General information
- Type: Single seat aerobatic glider
- National origin: Romania
- Manufacturer: Întreprinderea de industrie Locală (IIL)
- Designer: Iosif Șilimon
- Number built: small number

History
- First flight: 16 December 1959

= IIL IS-11 =

Aerobatic, single seat glider

The IIL IS-11 was an aerobatic, single seat glider, designed and built in Romania in 1959. It was built in small numbers.

==Design and development==
From about 1950 to his death in February 1981, Iosif Silimon was Romania's most prominent glider designer, his aircraft distinguished by his initials. His single seat IS-11 was a wooden, high wing aerobatic sailplane.

The cantilever high wing of the IS-11 was mounted with a dihedral of 2.5°. It was built around a single spar with a plywood covered torsion box ahead of it around the leading edge. The rest of the wing was also ply covered. In plan the wing was symmetrically straight tapered. Its mass balanced ailerons were slotted and fabric over ply covered. The IS-11 had short span spoilers, opening both above and below the wing, mounted at mid-chord just inboard of the ailerons. The wing tips carried the small, streamlined bodies known as salmons, common at the time.
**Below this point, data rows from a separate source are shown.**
(* Let $M$ be a globally hyperbolic developable conformally flat spacetime of dimension $n\ge3$ with developing map $D:M\to\widetilde{Ein}_{1,n-1}$. Let $U$ be a causally convex open subset of $M$ and let $\Sigma$ be a Cauchy hypersurface of $U$ such that $D(\Sigma)$ is achronal in $\widetilde{Ein}_{1,n-1}$. If the restriction of $D$ to $\Sigma$ is injective, then the restriction of $D$ to $U$ is injective.
   Context: $\widetilde{Ein}_{1,n-1}$ denotes the universal cover of the Einstein universe, conformally identified with $\mathbb{S}^{n-1}\times\mathbb{R}$ with the conformal class of $d\sigma^2-dt^2$, time-oriented by $\partial_t$. A conformally flat spacetime $M$ is developable if it admits a developing map: a conformal, time-orientation preserving local diffeomorphism $D:M\to\widetilde{Ein}_{1,n-1}$. A subset $U$ of a spacetime is causally convex if every causal curve joining two points of $U$ is contained in $U$. *)

theory Defs
  imports "HOL-Analysis.Analysis"
begin

text \<open>Universal cover of the Einstein universe: the unit sphere of the
  Euclidean space 'a (of dimension n) times the real line, with time coordinate
  the second component. The conformal class of dsigma^2 - dt^2 is encoded
  through its causal structure: spherical (round) distance versus time.\<close>

definition ein_set :: "('a::euclidean_space \<times> real) set" where
  "ein_set = {(x, t). norm x = 1}"

definition ein_top :: "('a::euclidean_space \<times> real) topology" where
  "ein_top = subtopology euclidean ein_set"

definition sdist :: "'a::euclidean_space \<Rightarrow> 'a \<Rightarrow> real" where
  "sdist x y = arccos (x \<bullet> y)"

definition local_homeo :: "'m topology \<Rightarrow> 'b topology \<Rightarrow> ('m \<Rightarrow> 'b) \<Rightarrow> bool" where
  "local_homeo X Y f \<longleftrightarrow>
     (\<forall>p \<in> topspace X. \<exists>V. openin X V \<and> p \<in> V \<and> openin Y (f ` V) \<and>
        homeomorphic_map (subtopology X V) (subtopology Y (f ` V)) f)"

text \<open>A developable conformally flat spacetime, presented through its developing
  map: the conformal structure and time orientation of M are the pull-backs by D.\<close>
definition developed_spacetime :: "'m topology \<Rightarrow> ('m \<Rightarrow> 'a::euclidean_space \<times> real) \<Rightarrow> bool" where
  "developed_spacetime X D \<longleftrightarrow> topspace X \<noteq> {} \<and> Hausdorff_space X \<and> second_countable X \<and>
     connected_space X \<and> local_homeo X ein_top D"

definition param_interval :: "real set \<Rightarrow> bool" where
  "param_interval I \<longleftrightarrow> is_interval I \<and> (\<exists>a\<in>I. \<exists>b\<in>I. a < b)"

definition future_causal_curve ::
  "'m topology \<Rightarrow> ('m \<Rightarrow> 'a::euclidean_space \<times> real) \<Rightarrow> (real \<Rightarrow> 'm) \<Rightarrow> real set \<Rightarrow> bool" where
  "future_causal_curve X D \<gamma> I \<longleftrightarrow> param_interval I \<and>
     continuous_map (subtopology euclideanreal I) X \<gamma> \<and>
     (\<forall>s1\<in>I. \<forall>s2\<in>I. s1 < s2 \<longrightarrow>
        snd (D (\<gamma> s1)) < snd (D (\<gamma> s2)) \<and>
        sdist (fst (D (\<gamma> s1))) (fst (D (\<gamma> s2))) \<le> snd (D (\<gamma> s2)) - snd (D (\<gamma> s1)))"

definition past_causal_curve ::
  "'m topology \<Rightarrow> ('m \<Rightarrow> 'a::euclidean_space \<times> real) \<Rightarrow> (real \<Rightarrow> 'm) \<Rightarrow> real set \<Rightarrow> bool" where
  "past_causal_curve X D \<gamma> I \<longleftrightarrow> param_interval I \<and>
     continuous_map (subtopology euclideanreal I) X \<gamma> \<and>
     (\<forall>s1\<in>I. \<forall>s2\<in>I. s1 < s2 \<longrightarrow>
        snd (D (\<gamma> s2)) < snd (D (\<gamma> s1)) \<and>
        sdist (fst (D (\<gamma> s1))) (fst (D (\<gamma> s2))) \<le> snd (D (\<gamma> s1)) - snd (D (\<gamma> s2)))"

definition future_timelike_curve ::
  "'m topology \<Rightarrow> ('m \<Rightarrow> 'a::euclidean_space \<times> real) \<Rightarrow> (real \<Rightarrow> 'm) \<Rightarrow> real set \<Rightarrow> bool" where
  "future_timelike_curve X D \<gamma> I \<longleftrightarrow> param_interval I \<and>
     continuous_map (subtopology euclideanreal I) X \<gamma> \<and>
     (\<forall>s1\<in>I. \<forall>s2\<in>I. s1 < s2 \<longrightarrow>
        sdist (fst (D (\<gamma> s1))) (fst (D (\<gamma> s2))) < snd (D (\<gamma> s2)) - snd (D (\<gamma> s1)))"

definition past_timelike_curve ::
  "'m topology \<Rightarrow> ('m \<Rightarrow> 'a::euclidean_space \<times> real) \<Rightarrow> (real \<Rightarrow> 'm) \<Rightarrow> real set \<Rightarrow> bool" where
  "past_timelike_curve X D \<gamma> I \<longleftrightarrow> param_interval I \<and>
     continuous_map (subtopology euclideanreal I) X \<gamma> \<and>
     (\<forall>s1\<in>I. \<forall>s2\<in>I. s1 < s2 \<longrightarrow>
        sdist (fst (D (\<gamma> s1))) (fst (D (\<gamma> s2))) < snd (D (\<gamma> s1)) - snd (D (\<gamma> s2)))"

definition causal_curve where
  "causal_curve X D \<gamma> I \<longleftrightarrow> future_causal_curve X D \<gamma> I \<or> past_causal_curve X D \<gamma> I"

definition timelike_curve where
  "timelike_curve X D \<gamma> I \<longleftrightarrow> future_timelike_curve X D \<gamma> I \<or> past_timelike_curve X D \<gamma> I"

definition upper_end :: "real set \<Rightarrow> real filter" where
  "upper_end I = (if bdd_above I then at_left (Sup I) else at_top)"

definition lower_end :: "real set \<Rightarrow> real filter" where
  "lower_end I = (if bdd_below I then at_right (Inf I) else at_bot)"

definition inextendible :: "'m topology \<Rightarrow> (real \<Rightarrow> 'm) \<Rightarrow> real set \<Rightarrow> bool" where
  "inextendible X \<gamma> I \<longleftrightarrow>
     \<not> (\<exists>p. limitin X \<gamma> p (upper_end I)) \<and> \<not> (\<exists>p. limitin X \<gamma> p (lower_end I))"

definition cauchy_hypersurface ::
  "'m topology \<Rightarrow> ('m \<Rightarrow> 'a::euclidean_space \<times> real) \<Rightarrow> 'm set \<Rightarrow> bool" where
  "cauchy_hypersurface X D S \<longleftrightarrow> S \<subseteq> topspace X \<and>
     (\<forall>\<gamma> I. timelike_curve X D \<gamma> I \<and> inextendible X \<gamma> I \<longrightarrow> (\<exists>!s. s \<in> I \<and> \<gamma> s \<in> S))"

definition causal_le where
  "causal_le X D p q \<longleftrightarrow> p = q \<or>
     (\<exists>\<gamma> a b. a < b \<and> future_causal_curve X D \<gamma> {a..b} \<and> \<gamma> a = p \<and> \<gamma> b = q)"

definition chrono_less where
  "chrono_less X D p q \<longleftrightarrow>
     (\<exists>\<gamma> a b. a < b \<and> future_timelike_curve X D \<gamma> {a..b} \<and> \<gamma> a = p \<and> \<gamma> b = q)"

definition globally_hyperbolic ::
  "'m topology \<Rightarrow> ('m \<Rightarrow> 'a::euclidean_space \<times> real) \<Rightarrow> bool" where
  "globally_hyperbolic X D \<longleftrightarrow>
     \<not> (\<exists>\<gamma> a b. a < b \<and> future_causal_curve X D \<gamma> {a..b} \<and> \<gamma> a = \<gamma> b) \<and>
     (\<forall>p\<in>topspace X. \<forall>q\<in>topspace X.
        compactin X {r \<in> topspace X. causal_le X D p r \<and> causal_le X D r q})"

definition causally_convex ::
  "'m topology \<Rightarrow> ('m \<Rightarrow> 'a::euclidean_space \<times> real) \<Rightarrow> 'm set \<Rightarrow> bool" where
  "causally_convex X D U \<longleftrightarrow>
     (\<forall>\<gamma> a b. a < b \<and> causal_curve X D \<gamma> {a..b} \<and> \<gamma> a \<in> U \<and> \<gamma> b \<in> U \<longrightarrow> \<gamma> ` {a..b} \<subseteq> U)"

definition ein_achronal :: "('a::euclidean_space \<times> real) set \<Rightarrow> bool" where
  "ein_achronal A \<longleftrightarrow> A \<subseteq> ein_set \<and>
     (\<forall>p\<in>A. \<forall>q\<in>A. \<not> chrono_less (ein_top :: ('a \<times> real) topology) id p q)"

end

theory Submission
  imports Defs
begin

text \<open>Let p, q \<in> U with D p = D q = (x, t). The vertical line s \<mapsto> (x, s) of the Einstein
  universe is timelike; lift it through the local homeomorphism D, inside U, to maximal lifts
  through p and through q. A maximal lift is inextendible: at a finite end its limit point would
  carry a further local lift, and at an infinite end the time coordinate would have to converge.
  Hence both lifts meet the Cauchy hypersurface S, at times sp and sq. Achronality of D(S) forces
  sp = sq, injectivity of D on S makes the two lifts meet, and uniqueness of lifts through a local
  homeomorphism into a Hausdorff space gives p = q.\<close>

lemma local_homeo_refine:
  assumes "local_homeo X Y f" "openin X W" "p \<in> W"
  obtains V g where "openin X V" "p \<in> V" "V \<subseteq> W" "openin Y (f ` V)"
    "homeomorphic_maps (subtopology X V) (subtopology Y (f ` V)) f g"
proof -
  have "p \<in> topspace X" using assms openin_subset by blast
  then obtain V0 where V0: "openin X V0" "p \<in> V0" "openin Y (f ` V0)"
    "homeomorphic_map (subtopology X V0) (subtopology Y (f ` V0)) f"
    using assms(1) unfolding local_homeo_def by blast
  define V where "V = V0 \<inter> W"
  have V: "openin X V" using V0(1) assms(2) V_def by auto
  have "f ` (topspace (subtopology X V0) \<inter> V) = topspace (subtopology Y (f ` V0)) \<inter> f ` V"
    using openin_subset[OF V] openin_subset[OF V0(3)] V_def by auto
  from homeomorphic_map_subtopologies[OF V0(4) this]
  have hom: "homeomorphic_map (subtopology X V) (subtopology Y (f ` V)) f"
    by (simp add: subtopology_subtopology V_def Int_absorb1 image_mono Int_assoc)
  have "openin (subtopology X V0) V"
    using V V_def by (simp add: openin_subset_topspace_eq openin_open_subtopology V0(1))
  then have "openin (subtopology Y (f ` V0)) (f ` V)"
    using homeomorphic_imp_open_map[OF V0(4)] unfolding open_map_def by blast
  then have "openin Y (f ` V)" using openin_trans_full V0(3) by blast
  then show ?thesis using that V hom homeomorphic_map_maps V_def assms(3) V0(2) by blast
qed

lemma local_homeo_imp_continuous_map:
  assumes "local_homeo X Y f"
  shows "continuous_map X Y f"
proof (rule pasting_lemma[where I = "{V. openin X V \<and> continuous_map (subtopology X V) Y f}"
      and T = id and f = "\<lambda>_. f"])
  fix p assume "p \<in> topspace X"
  then obtain V where V: "openin X V" "p \<in> V"
    "homeomorphic_map (subtopology X V) (subtopology Y (f ` V)) f"
    using assms unfolding local_homeo_def by blast
  then have "continuous_map (subtopology X V) Y f"
    using homeomorphic_imp_continuous_map continuous_map_in_subtopology by metis
  then show "\<exists>V. V \<in> {V. openin X V \<and> continuous_map (subtopology X V) Y f} \<and> p \<in> id V \<and> f p = f p"
    using V by auto
qed auto

lemma local_homeo_subtopology:
  assumes "local_homeo X Y f" "openin X U"
  shows "local_homeo (subtopology X U) Y f"
  unfolding local_homeo_def
proof
  fix p assume "p \<in> topspace (subtopology X U)"
  then obtain V g where V: "openin X V" "p \<in> V" "V \<subseteq> U" "openin Y (f ` V)"
    "homeomorphic_maps (subtopology X V) (subtopology Y (f ` V)) f g"
    using local_homeo_refine[OF assms] by auto
  have "openin (subtopology X U) V"
    using V(1,3) by (auto simp: openin_subtopology intro!: exI[of _ V])
  moreover have "subtopology (subtopology X U) V = subtopology X V"
    using V(3) by (simp add: subtopology_subtopology Int_absorb1)
  ultimately show "\<exists>V. openin (subtopology X U) V \<and> p \<in> V \<and> openin Y (f ` V) \<and>
      homeomorphic_map (subtopology (subtopology X U) V) (subtopology Y (f ` V)) f"
    using V homeomorphic_map_maps by metis
qed

text \<open>The set where two lifts agree is closed because X is Hausdorff, and open because f is
  injective near each of its points.\<close>
lemma local_homeo_lifts_eq:
  assumes "local_homeo X Y f" "Hausdorff_space X" "connected_space T"
    and "continuous_map T X g1" "continuous_map T X g2"
    and "\<And>s. s \<in> topspace T \<Longrightarrow> f (g1 s) = f (g2 s)"
    and "s0 \<in> topspace T" "g1 s0 = g2 s0" "s \<in> topspace T"
  shows "g1 s = g2 s"
proof -
  define A where "A = {s \<in> topspace T. g1 s = g2 s}"
  have "closedin T A"
    unfolding A_def using closedin_continuous_maps_eq assms(2,4,5) by blast
  moreover have "openin T A"
  proof (subst openin_subopen, intro ballI)
    fix s assume "s \<in> A"
    then have s: "s \<in> topspace T" "g1 s = g2 s" by (auto simp: A_def)
    have "g1 s \<in> topspace X" using assms(4) s(1) by (auto simp: continuous_map_def)
    then obtain V where V: "openin X V" "g1 s \<in> V"
      "homeomorphic_map (subtopology X V) (subtopology Y (f ` V)) f"
      using assms(1) unfolding local_homeo_def by blast
    then have inj: "inj_on f V"
      by (metis homeomorphic_imp_injective_map openin_subset topspace_subtopology_subset)
    define Z where "Z = {x \<in> topspace T. g1 x \<in> V} \<inter> {x \<in> topspace T. g2 x \<in> V}"
    have "openin T Z"
      unfolding Z_def using openin_continuous_map_preimage V(1) assms(4,5) by blast
    moreover have "Z \<subseteq> A" using inj assms(6) by (auto simp: Z_def A_def inj_on_def)
    ultimately show "\<exists>Z. openin T Z \<and> s \<in> Z \<and> Z \<subseteq> A" using s V(2) by (auto simp: Z_def)
  qed
  moreover have "s0 \<in> A" using assms(7,8) by (simp add: A_def)
  ultimately have "A = topspace T" using assms(3) connected_space_clopen_in by blast
  then show ?thesis using assms(9) by (auto simp: A_def)
qed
The fuselage of the IS-11 was an oval section plywood monocoque. The pilot sat in a semi-reclining position in a single seat cockpit under a single piece, side opening perspex canopy which, with a short, fixed transparency behind it stretched from the nose into the leading edge of the wing. Its undercarriage comprised a very short, rubber sprung skid under the nose and a fixed, unsprung monowheel semi-recessed into the fuselage under the forward wing and fitted with a brake. From the high wing the fuselage tapered aft to a conventional empennage. A narrow, ply covered fin and a fabric covered rudder which extended down to the keel together formed a straight edged vertical tail with rounded heel and tip. The fin also mounted a straight edged, fabric over ply covered tailplane placed just above the fuselage, carrying straight tapered, similarly skinned elevators. These were balanced by a bob weight within the fuselage and had gaps both at their roots to clear the fin and at their tips to clear rearward tailplane extensions, with a small central cut out for rudder movement. There was a trim tab on the starboard elevator and a tail bumper under the rudder hinge.

The IS-11 was first flown on 16 December 1959 and a few more were built during 1961.